# [TASK GOAL]
Once you reach the line holding "theory Defs", write out that line and every later one exactly, ending with the last line of the data; write nothing else.

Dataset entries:

.....

(* Let $\pi\colon\mathsf{States}\to\mathbb{R}_{\ge0}$ be a potential function. For every program $C$, every $X\in\mathbb{A}_\pi$ and every constant runtime $c\in\mathbb{T}$ (i.e. $c$ is a constant function $\mathsf{States}\to[0,\infty]$), $$\mathsf{aert}_\pi[\![C]\!](X+c)\;\preceq\;\mathsf{aert}_\pi[\![C]\!](X)+c .$$
   Context: States and programs. Fix a finite set $\mathrm{Vars}$ of variables; values are $\mathbb{N}$, locations are $\mathbb{N}_{>0}$. A stack is $s\colon \mathrm{Vars}\to\mathbb{N}$; a heap is a partial map $h$ from a finite set $\mathrm{dom}(h)\subseteq\mathbb{N}_{>0}$ to $\mathbb{N}$. $h_1\perp h_2$ means disjoint domains; then $h_1\star h_2$ is their union; $h_\emptyset$ is the empty heap. $\mathsf{States}$ is the set of pairs $(s,h)$. $s(e)$ is the value of a (heap-independent) arithmetic expression $e$ under $s$, $s\models\varphi$ means the Boolean expression $\varphi$ holds under $s$, $s[x\mapsto v]$ is the updated stack. Programs are generated by $C ::= \mathtt{tick}(e) \mid x:=e \mid x:=\mathtt{alloc}(e) \mid \langle e\rangle:=e' \mid x:=\langle e\rangle \mid \mathtt{free}(e) \mid \{C\}[p]\{C\} \mid \mathtt{if}(\varphi)\{C\}\mathtt{else}\{C\} \mid C;C \mid \mathtt{while}(\varphi)\{C\}$, where $p$ is an expression with $s(p)\in[0,1]\cap\mathbb{Q}$ for all $s$. The statements other than tick, probabilistic choice, conditional, sequencing and loops are called atomic. Runtimes. $\mathbb{T}$ is the set of functions $\mathsf{States}\to[0,\infty]$, ordered pointwise by $\preceq$; arithmetic is pointwise with $0\cdot\infty=0$. $[\varphi]$ is the $0/1$-valued Iverson bracket. Truncated subtraction: $a\dot- b=\max(a-b,0)$, $\infty\dot- b=\infty$ for finite $b$, $a\dot-\infty=0$. $(f\oplus g)(s,h)=\min\{f(s,h_1)+g(s,h_2)\mid h=h_1\star h_2\}$; $(f \mathbin{-\!\!\ominus} g)(s,h)=\sup\{g(s,h\star h')\dot- f(s,h')\mid h'\perp h\}$; $(\inf y\colon f)(s,h)=\inf_{v\in\mathbb{N}} f(s[y\mapsto v],h)$, $(\sup y\colon f)(s,h)=\sup_{v\in\mathbb{N}}f(s[y\mapsto v],h)$; $f[x/e](s,h)=f(s[x\mapsto s(e)],h)$. $\mathsf{tm}(e)(s,h)=s(e)$ if $h=h_\emptyset$, else $\infty$; $[e\mapsto e'](s,h)=0$ if $\mathrm{dom}(h)=\{s(e)\}$ and $h(s(e))=s(e')$, else $\infty$; $[e\mapsto -](s,h)=0$ if $\mathrm{dom}(h)=\{s(e)\}$, else $\infty$; $\bigoplus_{i=1}^{e} f_i$ is the separating sum over $i=1,\dots,s(e)$ (empty one: $[\mathsf{emp}]$, which is $0$ if $h=h_\emptyset$, else $\infty$). $\mathsf{ert}[\![C]\!]\colon\mathbb{T}\to\mathbb{T}$ (with $v$ fresh): $\mathsf{ert}[\![\mathtt{tick}(e)]\!](f)=\mathsf{tm}(e)\oplus f$; $\mathsf{ert}[\![x:=e]\!](f)=f[x/e]$; $\mathsf{ert}[\![x:=\mathtt{alloc}(e)]\!](f)=\sup v\colon (\bigoplus_{i=1}^{e}[v+i-1\mapsto 0])\mathbin{-\!\!\ominus} f[x/v]$; $\mathsf{ert}[\![\langle e\rangle:=e']\!](f)=[e\mapsto-]\oplus([e\mapsto e']\mathbin{-\!\!\ominus} f)$; $\mathsf{ert}[\![x:=\langle e\rangle]\!](f)=\inf v\colon [e\mapsto v]\oplus([e\mapsto v]\mathbin{-\!\!\ominus} f[x/v])$; $\mathsf{ert}[\![\mathtt{free}(e)]\!](f)=[e\mapsto-]\oplus f$; $\mathsf{ert}[\![C_1;C_2]\!](f)=\mathsf{ert}[\![C_1]\!](\mathsf{ert}[\![C_2]\!](f))$; conditional: $[\varphi]\cdot\mathsf{ert}[\![C_1]\!](f)+[\neg\varphi]\cdot\mathsf{ert}[\![C_2]\!](f)$; probabilistic choice: $p\cdot\mathsf{ert}[\![C_1]\!](f)+(1-p)\cdot\mathsf{ert}[\![C_2]\!](f)$; $\mathsf{ert}[\![\mathtt{while}(\varphi)\{C\}]\!](f)=\mathrm{lfp}\, g.\ [\neg\varphi]\cdot f+[\varphi]\cdot\mathsf{ert}[\![C]\!](g)$. Amortized runtimes. A potential function is $\pi\colon\mathsf{States}\to\mathbb{R}_{\ge0}$. $\mathbb{A}_\pi=\{X\colon\mathsf{States}\to\mathbb{R}\cup\{\infty\}\mid -\pi\le X\}$, ordered pointwise (complete lattice, least element $-\pi$). $\mathsf{aert}_\pi[\![C]\!]\colon\mathbb{A}_\pi\to\mathbb{A}_\pi$: $\mathsf{aert}_\pi[\![\mathtt{tick}(e)]\!](X)=e+X$; for atomic $C$ other than tick, $\mathsf{aert}_\pi[\![C]\!](X)=\mathsf{ert}[\![C]\!](X+\pi)-\pi$; sequencing by composition; conditional $[\varphi]\cdot\mathsf{aert}_\pi[\![C_1]\!](X)+[\neg\varphi]\cdot\mathsf{aert}_\pi[\![C_2]\!](X)$; probabilistic choice $p\cdot\mathsf{aert}_\pi[\![C_1]\!](X)+(1-p)\cdot\mathsf{aert}_\pi[\![C_2]\!](X)$; $\mathsf{aert}_\pi[\![\mathtt{while}(\varphi)\{C'\}]\!](X)=\mathrm{lfp}\,Y.\ [\neg\varphi]\cdot X+[\varphi]\cdot\mathsf{aert}_\pi[\![C']\!](Y)$ in $(\mathbb{A}_\pi,\preceq)$. *)

theory Defs
  imports Complex_Main "HOL-Library.Extended_Nonnegative_Real" "HOL-Library.Extended_Real"
begin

.....

# [TASK ANSWER]
theory Defs
  imports Complex_Main "HOL-Library.Extended_Nonnegative_Real" "HOL-Library.Extended_Real"
begin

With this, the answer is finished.